Austrailian Study Shows Fewer Suicides, Mass Shootings Since Gun Buyback

A new study out of Australia shows that a national gun buyback there may have been more effective than first thought. Another study on the gun buyback was released a little while ago that said no effect was seen, but this new study points out a number of different problems with the first study, and concludes the numbers say things are better.

THE risk of dying by gunshot has dropped dramatically since the gun buyback scheme was introduced after the Port Arthur massacre in 1996, a new report says.

Dr Philip Alpers, a University of Sydney academic who helped write the report, said the buyback saw the number of gun deaths a year fall from an average of 521 to 289, “suggesting that the removal of more than 700,000 guns was associated with a faster declining rate of gun suicide and gun homicide”.

The Prime Minister, John Howard, introduced some of the world’s toughest gun laws after the massacre, forcing people to surrender semi-automatic rifles, which reload each time the trigger is pulled, and pump-action shotguns.

The new report, titled Australia’s 1996 Gun Law Reforms: Faster Falls in Firearm Deaths, Firearm Suicides and a Decade without Mass Shootings, finds that in the 18 years before the gun buyback there were an average of 492 firearm suicides a year.

After the introduction of the buyback scheme, that figure dropped to 247 in the seven years for which reliable figures are available.

The report also found the rate of gun homicides fell from an annual average of 93 in the 18 years before 1996 to an annual average of 56.

The latter finding contrasts with a report published in October which found that half a billion dollars spent removing guns had virtually no effect on homicide rates.

Now, a gun buyback is definitely not the end-all, be-all of solutions to gun violence. Gun buybacks are very effective at raising awareness about the problem of gun availability, but as crime stoppers, they’re not great– most guns turned in at a gun buyback are owned and held by people who weren’t really planning to do anything wrong with them anyway. But they do help a lot to end situations where the presence of a gun causes a tragedy– specifically suicide (as the study shows, the rate dropped by almost half after the buyback).

And this new study points out something previous studies have not: that not only were suicide and homicide numbers, there were exactly zero mass shootings that took place in the time period after the buyback.

The most important impact of the buyback was that there had been no mass shootings.

He said 112 people had been killed in 11 mass shootings in the 10 years up to Port Arthur, and removing the semi-automatic weapons used in those shootings was a principal aim of the policy.

It was “bordering on academic dishonesty” for Dr Baker and Ms McPhedran not to have included that fact in their paper, he said.

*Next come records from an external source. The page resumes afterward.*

text \<open>
  Colour the cube \<open>Q\<^sub>n\<^sub>+\<^sub>k\<close>, split as \<open>Q\<^sub>n \<times> Q\<^sub>k\<close>, without a red copy of \<open>Q\<^sub>n\<close>.
  For every permutation \<open>\<pi>\<close> of the last \<open>k\<close> coordinates, let \<open>Y\<^sub>0 \<subset> \<dots> \<subset> Y\<^sub>k\<close> be the chain of
  its prefixes. A greedy argument shows that there is a chain \<open>T\<^sub>0 \<subseteq> \<dots> \<subseteq> T\<^sub>k\<close> in \<open>Q\<^sub>n\<close>
  with all \<open>T\<^sub>l \<union> Y\<^sub>l\<close> blue; otherwise the first index where the chain breaks down
  defines a red copy of \<open>Q\<^sub>n\<close>. If \<open>k! > 2\<^sup>k 4\<^sup>n\<close>, two distinct permutations share their
  ascent set and the endpoints \<open>T\<^sub>0, T\<^sub>k\<close> of their blue chains; at the first position where
  the permutations differ, five of the sets of the two chains form a blue \<open>SD\<^sub>1\<^sub>,\<^sub>2\<close>,
  which contains \<open>J\<close>. Stirling's bound \<open>k! \<ge> (k/e)\<^sup>k\<close> makes \<open>k \<approx> (2 + \<epsilon>) n / log n\<close>
  large enough.
\<close>

lemma has_copy_trans:
  assumes "has_copy Y leY S" and "inj_on g X" and "g ` X \<subseteq> Y"
    and "\<And>x y. x \<in> X \<Longrightarrow> y \<in> X \<Longrightarrow> le x y \<longleftrightarrow> leY (g x) (g y)"
  shows "has_copy X le S"
proof -
  obtain f where f: "inj_on f Y" "f ` Y \<subseteq> S" "\<forall>x\<in>Y. \<forall>y\<in>Y. leY x y \<longleftrightarrow> f x \<subseteq> f y"
    using assms(1) unfolding has_copy_def by blast
  have "inj_on (f \<circ> g) X"
    using comp_inj_on[OF assms(2)] f(1) assms(3) inj_on_subset by blast
  moreover have "(f \<circ> g) ` X \<subseteq> S"
    using assms(3) f(2) by auto
  moreover have "\<forall>x\<in>X. \<forall>y\<in>X. le x y \<longleftrightarrow> (f \<circ> g) x \<subseteq> (f \<circ> g) y"
    using assms(3,4) f(3) by (simp add: image_subset_iff)
  ultimately show ?thesis
    unfolding has_copy_def by blast
qed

The director of the NSW Bureau of Crime Statistics, Dr Don Weatherburn, said that while the two papers might seem to be in conflict, they were not.

“Both found that the rate of gun suicide declined faster after the gun buyback and neither found any significant difference in the rate of decline in gun homicide before and after the gun buyback,” he said.

“The Chapman paper points out that there has been no mass shooting since the gun buyback. The earlier paper should have mentioned this, but didn’t.

“The results on gun suicide and mass shootings are enough reason to be very cautious about reducing the restrictions on gun ownership.”

That’s extremely important to note. Now, both of these studies involve Australia, not the United States, so the specific numbers don’t make much difference to us. But the lesson learned is the same for both places– when you take more guns out of the equation, you’ll see drops in situations where the presence of a gun means tragedy.

As Weatherburn says, that type of statistic alone is enough to make any country think twice about reducing restrictions on gun ownership. The fact is that guns are dangerous, mostly to the people who actually own them. These numbers prove that the fewer guns we have available in this country, the better.